## DATA EXTRACT
--------
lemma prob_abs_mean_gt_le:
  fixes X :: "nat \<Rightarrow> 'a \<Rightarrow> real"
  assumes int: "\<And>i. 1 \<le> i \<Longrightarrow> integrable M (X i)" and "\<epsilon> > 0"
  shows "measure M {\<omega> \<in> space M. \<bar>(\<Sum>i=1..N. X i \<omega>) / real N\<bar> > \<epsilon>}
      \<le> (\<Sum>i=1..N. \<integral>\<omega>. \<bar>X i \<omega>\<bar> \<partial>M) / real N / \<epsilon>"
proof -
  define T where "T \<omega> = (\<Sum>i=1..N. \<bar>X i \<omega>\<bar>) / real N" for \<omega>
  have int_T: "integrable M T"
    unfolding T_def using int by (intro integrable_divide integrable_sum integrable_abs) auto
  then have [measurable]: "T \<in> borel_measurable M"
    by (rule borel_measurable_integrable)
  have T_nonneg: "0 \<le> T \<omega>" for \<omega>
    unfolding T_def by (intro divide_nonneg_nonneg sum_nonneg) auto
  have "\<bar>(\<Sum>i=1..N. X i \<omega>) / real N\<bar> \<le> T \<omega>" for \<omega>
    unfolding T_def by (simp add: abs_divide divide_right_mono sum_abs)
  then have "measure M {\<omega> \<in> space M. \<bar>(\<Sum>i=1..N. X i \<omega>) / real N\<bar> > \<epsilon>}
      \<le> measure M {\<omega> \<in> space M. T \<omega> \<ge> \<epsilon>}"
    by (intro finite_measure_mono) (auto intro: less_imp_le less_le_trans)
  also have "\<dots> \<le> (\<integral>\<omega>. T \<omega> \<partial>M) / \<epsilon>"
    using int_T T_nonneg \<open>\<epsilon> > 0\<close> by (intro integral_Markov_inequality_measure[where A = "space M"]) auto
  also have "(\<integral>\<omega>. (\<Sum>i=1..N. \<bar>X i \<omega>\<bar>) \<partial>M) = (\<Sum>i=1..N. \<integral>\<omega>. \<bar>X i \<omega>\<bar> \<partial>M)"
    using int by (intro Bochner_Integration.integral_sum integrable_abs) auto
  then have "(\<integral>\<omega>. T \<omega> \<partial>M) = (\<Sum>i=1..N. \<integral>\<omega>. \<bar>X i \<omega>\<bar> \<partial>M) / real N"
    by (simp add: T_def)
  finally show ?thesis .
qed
--------
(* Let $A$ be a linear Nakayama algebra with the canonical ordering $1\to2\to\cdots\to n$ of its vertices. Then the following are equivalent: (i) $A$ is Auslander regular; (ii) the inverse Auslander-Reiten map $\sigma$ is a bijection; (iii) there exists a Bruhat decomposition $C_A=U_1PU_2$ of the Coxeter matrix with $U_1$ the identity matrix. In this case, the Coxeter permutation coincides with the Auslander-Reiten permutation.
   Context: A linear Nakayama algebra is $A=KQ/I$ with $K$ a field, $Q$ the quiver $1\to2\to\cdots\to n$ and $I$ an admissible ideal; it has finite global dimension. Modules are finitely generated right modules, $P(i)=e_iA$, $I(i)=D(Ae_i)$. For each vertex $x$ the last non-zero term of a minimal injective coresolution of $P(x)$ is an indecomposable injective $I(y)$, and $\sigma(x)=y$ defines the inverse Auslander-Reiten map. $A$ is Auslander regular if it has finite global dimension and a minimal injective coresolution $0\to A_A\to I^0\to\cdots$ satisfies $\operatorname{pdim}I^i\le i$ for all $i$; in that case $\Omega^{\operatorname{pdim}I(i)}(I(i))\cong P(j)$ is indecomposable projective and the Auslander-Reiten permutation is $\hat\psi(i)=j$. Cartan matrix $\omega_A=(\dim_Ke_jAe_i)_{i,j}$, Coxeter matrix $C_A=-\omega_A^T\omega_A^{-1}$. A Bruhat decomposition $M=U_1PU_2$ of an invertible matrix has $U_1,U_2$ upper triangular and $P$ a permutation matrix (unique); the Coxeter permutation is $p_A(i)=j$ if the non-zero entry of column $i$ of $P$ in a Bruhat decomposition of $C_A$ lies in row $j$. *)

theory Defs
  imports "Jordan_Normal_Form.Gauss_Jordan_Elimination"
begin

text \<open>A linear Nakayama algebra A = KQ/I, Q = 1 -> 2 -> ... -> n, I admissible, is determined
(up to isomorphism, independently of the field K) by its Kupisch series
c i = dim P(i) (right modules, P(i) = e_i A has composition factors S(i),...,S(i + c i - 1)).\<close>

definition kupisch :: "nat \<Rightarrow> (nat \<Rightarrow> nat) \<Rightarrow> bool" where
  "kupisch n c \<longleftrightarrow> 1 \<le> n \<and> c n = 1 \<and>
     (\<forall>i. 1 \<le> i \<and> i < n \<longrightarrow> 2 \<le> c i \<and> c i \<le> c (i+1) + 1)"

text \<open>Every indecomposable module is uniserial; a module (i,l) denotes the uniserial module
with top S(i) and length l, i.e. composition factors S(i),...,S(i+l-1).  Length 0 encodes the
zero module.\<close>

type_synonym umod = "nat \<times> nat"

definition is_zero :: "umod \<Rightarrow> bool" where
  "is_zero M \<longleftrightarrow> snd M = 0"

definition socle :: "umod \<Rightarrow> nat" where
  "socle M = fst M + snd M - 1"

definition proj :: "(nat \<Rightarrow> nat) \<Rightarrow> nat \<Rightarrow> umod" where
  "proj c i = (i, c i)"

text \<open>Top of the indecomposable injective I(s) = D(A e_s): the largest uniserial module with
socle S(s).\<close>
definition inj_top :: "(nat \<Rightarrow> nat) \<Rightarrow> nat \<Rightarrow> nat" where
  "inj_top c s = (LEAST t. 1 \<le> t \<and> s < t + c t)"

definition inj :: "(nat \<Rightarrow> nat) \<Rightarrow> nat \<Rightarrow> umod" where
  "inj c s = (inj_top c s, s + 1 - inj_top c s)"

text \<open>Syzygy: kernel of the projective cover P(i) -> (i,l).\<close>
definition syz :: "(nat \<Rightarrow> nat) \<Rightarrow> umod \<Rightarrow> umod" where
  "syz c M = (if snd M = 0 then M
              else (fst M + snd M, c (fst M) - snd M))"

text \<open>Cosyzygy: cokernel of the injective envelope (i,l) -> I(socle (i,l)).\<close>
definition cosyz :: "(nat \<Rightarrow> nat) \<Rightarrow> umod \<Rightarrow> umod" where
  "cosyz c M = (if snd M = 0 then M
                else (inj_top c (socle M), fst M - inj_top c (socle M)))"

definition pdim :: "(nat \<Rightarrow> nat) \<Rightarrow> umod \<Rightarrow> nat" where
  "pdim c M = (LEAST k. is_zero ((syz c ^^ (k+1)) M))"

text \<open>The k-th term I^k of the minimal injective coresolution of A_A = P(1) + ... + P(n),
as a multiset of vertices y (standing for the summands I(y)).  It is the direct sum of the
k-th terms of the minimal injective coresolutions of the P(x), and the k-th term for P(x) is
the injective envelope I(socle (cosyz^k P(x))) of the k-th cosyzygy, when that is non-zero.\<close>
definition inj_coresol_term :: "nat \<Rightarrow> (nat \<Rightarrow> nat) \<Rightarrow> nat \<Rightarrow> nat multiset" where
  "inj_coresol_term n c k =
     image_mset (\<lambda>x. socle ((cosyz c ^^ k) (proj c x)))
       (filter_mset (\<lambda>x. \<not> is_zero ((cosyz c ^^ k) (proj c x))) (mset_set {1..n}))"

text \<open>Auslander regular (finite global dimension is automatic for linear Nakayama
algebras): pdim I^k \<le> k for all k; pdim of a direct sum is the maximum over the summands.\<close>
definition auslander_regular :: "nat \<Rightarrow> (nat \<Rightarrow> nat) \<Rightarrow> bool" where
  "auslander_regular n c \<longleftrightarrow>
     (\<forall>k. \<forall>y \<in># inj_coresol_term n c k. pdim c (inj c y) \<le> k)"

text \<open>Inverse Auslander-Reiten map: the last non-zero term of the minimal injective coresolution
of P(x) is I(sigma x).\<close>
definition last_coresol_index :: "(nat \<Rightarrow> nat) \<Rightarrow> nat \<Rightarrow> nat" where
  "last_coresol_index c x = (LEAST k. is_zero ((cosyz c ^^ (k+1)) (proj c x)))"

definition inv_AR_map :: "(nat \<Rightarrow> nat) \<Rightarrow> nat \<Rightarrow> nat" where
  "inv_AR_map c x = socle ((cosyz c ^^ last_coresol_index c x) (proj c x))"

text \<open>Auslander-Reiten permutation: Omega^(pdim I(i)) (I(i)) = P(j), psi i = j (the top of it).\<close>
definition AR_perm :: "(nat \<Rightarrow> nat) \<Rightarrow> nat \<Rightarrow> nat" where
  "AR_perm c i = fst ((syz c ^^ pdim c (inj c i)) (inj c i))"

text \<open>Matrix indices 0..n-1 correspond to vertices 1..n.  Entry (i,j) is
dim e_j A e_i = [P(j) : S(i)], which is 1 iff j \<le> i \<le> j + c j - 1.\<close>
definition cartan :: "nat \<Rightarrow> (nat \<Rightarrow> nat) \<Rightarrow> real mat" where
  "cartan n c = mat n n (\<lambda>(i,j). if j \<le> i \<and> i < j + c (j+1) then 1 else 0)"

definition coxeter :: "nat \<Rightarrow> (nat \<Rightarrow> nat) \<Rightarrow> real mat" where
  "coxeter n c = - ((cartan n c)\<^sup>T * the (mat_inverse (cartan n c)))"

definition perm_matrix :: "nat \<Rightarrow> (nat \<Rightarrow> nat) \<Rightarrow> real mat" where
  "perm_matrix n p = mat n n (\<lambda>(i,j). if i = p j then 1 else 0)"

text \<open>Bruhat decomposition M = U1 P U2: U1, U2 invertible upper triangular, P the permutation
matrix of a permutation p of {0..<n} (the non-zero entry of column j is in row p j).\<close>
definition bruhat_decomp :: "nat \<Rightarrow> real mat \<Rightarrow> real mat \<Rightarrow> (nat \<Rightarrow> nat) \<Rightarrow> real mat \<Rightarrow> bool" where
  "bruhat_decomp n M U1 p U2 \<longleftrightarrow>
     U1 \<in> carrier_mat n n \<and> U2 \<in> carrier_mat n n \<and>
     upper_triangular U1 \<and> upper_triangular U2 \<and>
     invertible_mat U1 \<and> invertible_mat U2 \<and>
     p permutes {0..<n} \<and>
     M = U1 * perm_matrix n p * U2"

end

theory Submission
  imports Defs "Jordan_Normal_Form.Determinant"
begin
--------
## PROBLEM
Give again exactly, and only, the lines above starting at the one with "(filter_mset (\<lambda>x. \<not>" and ending at the one with "algebras): pdim I^k".

## ANSWER FOR THE TASK
       (filter_mset (\<lambda>x. \<not> is_zero ((cosyz c ^^ k) (proj c x))) (mset_set {1..n}))"

text \<open>Auslander regular (finite global dimension is automatic for linear Nakayama
algebras): pdim I^k \<le> k for all k; pdim of a direct sum is the maximum over the summands.\<close>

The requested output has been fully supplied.